Hébert: Finding Bernier a role may not be easy

One of Andrew Scheer’s first and most delicate assignments as Conservative leader will be to find a proper place in his team for runner-up Maxime Bernier. That may be easier said than done.

That Scheer has an interest in keeping Bernier happy is not really debatable.

The Beauce MP may not have a lot of diehard fans in the Conservative caucus. But the fact remains that about one in two party members supported Bernier for the leadership, including a majority in Alberta and Quebec.

In Bernier’s home province, the big news out of Saturday’s leadership vote was his defeat, not Scheer’s victory.

Bernier is one of the party’s most valuable players on the fundraising circuit. None of his caucus rivals, including Scheer, came close to matching the amount of money his campaign collected over the past year.

By all accounts he will not be an easy fit for one of the leading economic critic roles. Beyond his understandable disappointment at the outcome of the leadership vote, Bernier has never been good at following a party script.

This is a politician who has admitted to having had decidedly mixed feelings about being assigned the prestigious foreign affairs post in Stephen Harper’s government.

Bernier would rather have had a portfolio that allowed him a larger measure of independence from the Prime Minister’s Office. And in his time out of the cabinet, he did not always toe the government line.

He has also spent the past year promoting policies that are unlikely to be part of Scheer’s election game plan.

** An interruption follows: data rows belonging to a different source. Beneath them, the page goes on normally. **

(* Let $\mathscr K$ be a quasivariety of structures, let $\mathbf F$ be a $\mathscr K$-free structure, and let $\varepsilon$ be an endomorphism of $\mathbf F$. Let $\alpha,\beta_1,\dots,\beta_m$ be atomic formulae over $\mathbf F$. If, in the lattice $\operatorname{Con}_{\mathscr K}\mathbf F$, \[ \operatorname{con}_{\mathscr K}\alpha \le \bigvee_{j=1}^m \operatorname{con}_{\mathscr K}\beta_j, \] then \[ \operatorname{con}_{\mathscr K}(\varepsilon\alpha) \le \bigvee_{j=1}^m \operatorname{con}_{\mathscr K}(\varepsilon\beta_j). \]
   Context: Structures have a signature consisting of function symbols and relation symbols with arities; homomorphisms preserve operations and map relations into relations. A congruence on a structure $\mathbf A$ is a pair $\theta=\langle\theta_0,\theta_1\rangle$ where $\theta_0$ is an equivalence relation on $A$ compatible with the operations, and $\theta_1=\bigcup_R\theta_1^R$ where for each relation symbol $R$ of arity $n$, $R^{\mathbf A}\subseteq\theta_1^R\subseteq A^n$ and $\theta_1^R$ is closed under componentwise $\theta_0$-equivalence. Quotient structures $\mathbf A/\theta$ are formed in the natural way. A quasivariety is a class of structures closed under substructures, direct products and ultraproducts (equivalently, the class of models of a set of quasi-identities $\&_{i}\alpha_i\Rightarrow\beta$ with atomic $\alpha_i,\beta$); equality is interpreted as true equality. An atomic formula over $\mathbf F$ is either $s\approx t$ with $s,t\in F$ or $R(\mathbf s)$ with $R$ a relation symbol and $\mathbf s$ a tuple of elements of $F$ of the arity of $R$. A congruence $\psi$ of $\mathbf F$ is a $\mathscr K$-congruence if $\mathbf F/\psi\in\mathscr K$; these form the complete lattice $\operatorname{Con}_{\mathscr K}\mathbf F$. We write $\alpha\in\psi$ if $\alpha$ is $s\approx t$ with $(s,t)\in\psi_0$, or $\alpha$ is $R(\mathbf s)$ with $\mathbf s\in\psi_1^R$. For a set $S$ of atomic formulae, $\operatorname{con}_{\mathscr K}S$ is the intersection of all congruences $\psi$ of $\mathbf F$ with $\mathbf F/\psi\in\mathscr K$ and $S\subseteq\psi$. For an endomorphism $\varepsilon$, $\varepsilon\alpha$ denotes $\varepsilon s\approx\varepsilon t$ if $\alpha$ is $s\approx t$, and $R(\varepsilon\mathbf s)$ (componentwise) if $\alpha$ is $R(\mathbf s)$. *)

theory Defs
  imports Main
begin

text \<open>A signature is given by an arity function fa for function symbols (type 'f)
  and an arity function ra for relation symbols (type 'r).
  Operations and relations act on lists of arguments.\<close>

record ('a, 'f, 'r) struct =
  carrier :: "'a set"
  fun_of  :: "'f \<Rightarrow> 'a list \<Rightarrow> 'a"
  rel_of  :: "'r \<Rightarrow> 'a list set"

definition tuples :: "'a set \<Rightarrow> nat \<Rightarrow> 'a list set" where
  "tuples A n = {xs. length xs = n \<and> set xs \<subseteq> A}"

definition wf_struct :: "('f \<Rightarrow> nat) \<Rightarrow> ('r \<Rightarrow> nat) \<Rightarrow> ('a, 'f, 'r) struct \<Rightarrow> bool" where
  "wf_struct fa ra A \<longleftrightarrow>
     (\<forall>f. \<forall>xs \<in> tuples (carrier A) (fa f). fun_of A f xs \<in> carrier A) \<and>
     (\<forall>R. rel_of A R \<subseteq> tuples (carrier A) (ra R))"

definition hom :: "('f \<Rightarrow> nat) \<Rightarrow> ('r \<Rightarrow> nat) \<Rightarrow> ('a, 'f, 'r) struct \<Rightarrow> ('b, 'f, 'r) struct
                   \<Rightarrow> ('a \<Rightarrow> 'b) \<Rightarrow> bool" where
  "hom fa ra A B h \<longleftrightarrow>
     h ` carrier A \<subseteq> carrier B \<and>
     (\<forall>f. \<forall>xs \<in> tuples (carrier A) (fa f). h (fun_of A f xs) = fun_of B f (map h xs)) \<and>
     (\<forall>R. \<forall>xs \<in> rel_of A R. map h xs \<in> rel_of B R)"

definition endo :: "('f \<Rightarrow> nat) \<Rightarrow> ('r \<Rightarrow> nat) \<Rightarrow> ('a, 'f, 'r) struct \<Rightarrow> ('a \<Rightarrow> 'a) \<Rightarrow> bool" where
  "endo fa ra A h \<longleftrightarrow> hom fa ra A A h"

datatype ('v, 'f) trm = Var 'v | App 'f "('v, 'f) trm list"

datatype ('v, 'f, 'r) atom = AtEq "('v, 'f) trm" "('v, 'f) trm" | AtRel 'r "('v, 'f) trm list"

fun wf_trm :: "('f \<Rightarrow> nat) \<Rightarrow> ('v, 'f) trm \<Rightarrow> bool" where
  "wf_trm fa (Var v) = True"
| "wf_trm fa (App f ts) = (length ts = fa f \<and> (\<forall>t \<in> set ts. wf_trm fa t))"

fun wf_atom :: "('f \<Rightarrow> nat) \<Rightarrow> ('r \<Rightarrow> nat) \<Rightarrow> ('v, 'f, 'r) atom \<Rightarrow> bool" where
  "wf_atom fa ra (AtEq s t) = (wf_trm fa s \<and> wf_trm fa t)"
| "wf_atom fa ra (AtRel R ts) = (length ts = ra R \<and> (\<forall>t \<in> set ts. wf_trm fa t))"

fun eval :: "('a, 'f, 'r) struct \<Rightarrow> ('v \<Rightarrow> 'a) \<Rightarrow> ('v, 'f) trm \<Rightarrow> 'a" where
  "eval A \<sigma> (Var v) = \<sigma> v"
| "eval A \<sigma> (App f ts) = fun_of A f (map (eval A \<sigma>) ts)"

fun holds :: "('a, 'f, 'r) struct \<Rightarrow> ('v \<Rightarrow> 'a) \<Rightarrow> ('v, 'f, 'r) atom \<Rightarrow> bool" where
  "holds A \<sigma> (AtEq s t) = (eval A \<sigma> s = eval A \<sigma> t)"
| "holds A \<sigma> (AtRel R ts) = (map (eval A \<sigma>) ts \<in> rel_of A R)"

text \<open>A quasi-identity  \<open>&_i \<alpha>_i \<Rightarrow> \<beta>\<close>  (finitely many premises, variables from nat).\<close>

type_synonym ('f, 'r) qid = "(nat, 'f, 'r) atom list \<times> (nat, 'f, 'r) atom"

definition wf_qid :: "('f \<Rightarrow> nat) \<Rightarrow> ('r \<Rightarrow> nat) \<Rightarrow> ('f, 'r) qid \<Rightarrow> bool" where
  "wf_qid fa ra q \<longleftrightarrow> (\<forall>a \<in> set (fst q). wf_atom fa ra a) \<and> wf_atom fa ra (snd q)"

definition sat_qid :: "('a, 'f, 'r) struct \<Rightarrow> ('f, 'r) qid \<Rightarrow> bool" where
  "sat_qid A q \<longleftrightarrow>
     (\<forall>\<sigma>. range \<sigma> \<subseteq> carrier A \<longrightarrow> (\<forall>a \<in> set (fst q). holds A \<sigma> a) \<longrightarrow> holds A \<sigma> (snd q))"

text \<open>The quasivariety K determined by a set Sigma of quasi-identities: membership of a structure
  (of arbitrary carrier type) in K.\<close>

definition inK :: "('f \<Rightarrow> nat) \<Rightarrow> ('r \<Rightarrow> nat) \<Rightarrow> ('f, 'r) qid set \<Rightarrow> ('a, 'f, 'r) struct \<Rightarrow> bool" where
  "inK fa ra \<Sigma> A \<longleftrightarrow> wf_struct fa ra A \<and> (\<forall>q \<in> \<Sigma>. sat_qid A q)"

inductive_set generated :: "('a, 'f, 'r) struct \<Rightarrow> ('f \<Rightarrow> nat) \<Rightarrow> 'a set \<Rightarrow> 'a set"
  for A fa X where
  gen_base: "x \<in> X \<Longrightarrow> x \<in> generated A fa X"
| gen_app: "length xs = fa f \<Longrightarrow> (\<forall>x \<in> set xs. x \<in> generated A fa X) \<Longrightarrow> fun_of A f xs \<in> generated A fa X"

text \<open>Target structures range over all
  carrier types 'b (the type is an explicit parameter).\<close>

definition Kfree :: "('f \<Rightarrow> nat) \<Rightarrow> ('r \<Rightarrow> nat) \<Rightarrow> ('f, 'r) qid set \<Rightarrow> ('a, 'f, 'r) struct
                      \<Rightarrow> 'b itself \<Rightarrow> bool" where
  "Kfree fa ra \<Sigma> F (TYPE('b)) \<longleftrightarrow>
     inK fa ra \<Sigma> F \<and>
     (\<exists>X \<subseteq> carrier F. generated F fa X = carrier F \<and>
        (\<forall>(A :: ('b, 'f, 'r) struct) g. inK fa ra \<Sigma> A \<longrightarrow> g ` X \<subseteq> carrier A \<longrightarrow>
            (\<exists>h. hom fa ra F A h \<and> (\<forall>x \<in> X. h x = g x))))"

type_synonym ('a, 'r) cong = "('a \<times> 'a) set \<times> ('r \<Rightarrow> 'a list set)"

definition is_cong :: "('f \<Rightarrow> nat) \<Rightarrow> ('r \<Rightarrow> nat) \<Rightarrow> ('a, 'f, 'r) struct \<Rightarrow> ('a, 'r) cong \<Rightarrow> bool" where
  "is_cong fa ra A \<theta> \<longleftrightarrow>
     equiv (carrier A) (fst \<theta>) \<and>
     (\<forall>f. \<forall>xs \<in> tuples (carrier A) (fa f). \<forall>ys \<in> tuples (carrier A) (fa f).
         list_all2 (\<lambda>x y. (x, y) \<in> fst \<theta>) xs ys \<longrightarrow> (fun_of A f xs, fun_of A f ys) \<in> fst \<theta>) \<and>
     (\<forall>R. rel_of A R \<subseteq> snd \<theta> R \<and> snd \<theta> R \<subseteq> tuples (carrier A) (ra R) \<and>
         (\<forall>xs ys. xs \<in> snd \<theta> R \<longrightarrow> list_all2 (\<lambda>x y. (x, y) \<in> fst \<theta>) xs ys \<longrightarrow> ys \<in> snd \<theta> R))"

Would, for instance, the new Conservative leader want a finance critic who would like the federal government to replace the health transfer with tax points so as to leave the future of medicare entirely at the discretion of the provinces?

And who would push for the federal approach to equalization to be revisited so as to give the have-not provinces more “incentives” to grow their economies?

The party spent the Harper decade ensuring that it did not get labelled an advocate of a two-tier health-care system. And few issues have more potential to bring the political class of Atlantic Canada to the barricades than a debate over equalization.

Or would Scheer, whose victory was facilitated by a lobby of dairy farmers, be comfortable with Bernier as an international trade critic, after the latter has urged Canada, on the record, to do away with its supply management system in exchange for a deal with the U.S. on softwood lumber?

Could Bernier serve as industry critic if his long-held contention that the federal government should get out of corporate welfare is not Conservative policy? At the time of the global financial crisis, Harper’s decision to bail out the Ontario auto industry went a long way to pave the road to a Conservative majority in the 2011 election. And Bombardier, for all its woes, is still an apple of the eye of many Quebec voters.

One job Bernier is unlikely to be vying for is that of Quebec lieutenant. He has never had much of a collegial relationship with his Quebec colleagues, and he is a polarizing figure in his home province.

The quasi-certainty that his former rival will not want the lead political role in Quebec should come as a relief to Scheer, for rarely has a Conservative leader had more need for a bridge-building lieutenant.

The new leader’s profile in Quebec is virtually non-existent. His social conservative roots will not stand him in good stead in a province whose collective take on issues, such as abortion rights, same-sex marriage and medically assisted suicide, is decidedly liberal.

The notion that Scheer is a smiling version of Harper will do little to commend him to an electorate that has consistently given the former prime minister and his policies the cold shoulder.

The Conservatives may have won a majority government in 2011 with only minimal Quebec support, but that was back in the days when the province had soured on the Liberals.

Over the Harper years, the Bloc Québécois, and then the New Democrats, dominated the province. Today the first is in an irreversible tailspin and the second is about to trade a leader with a big Quebec profile for a successor with a much smaller one.

If the Conservatives want to return to power, they must prevent Justin Trudeau from rebuilding the Quebec fortress that ensured his father’s political longevity.

On that score Scheer has his work cut out for him.

The last Léger Marketing poll, done shortly before the leadership vote, gave the Liberals a 40-point lead on the Conservatives in Quebec.

The gap increased by three points under the tentative scenario of a Scheer leadership victory.

Chantal Hébert is a national affairs writer.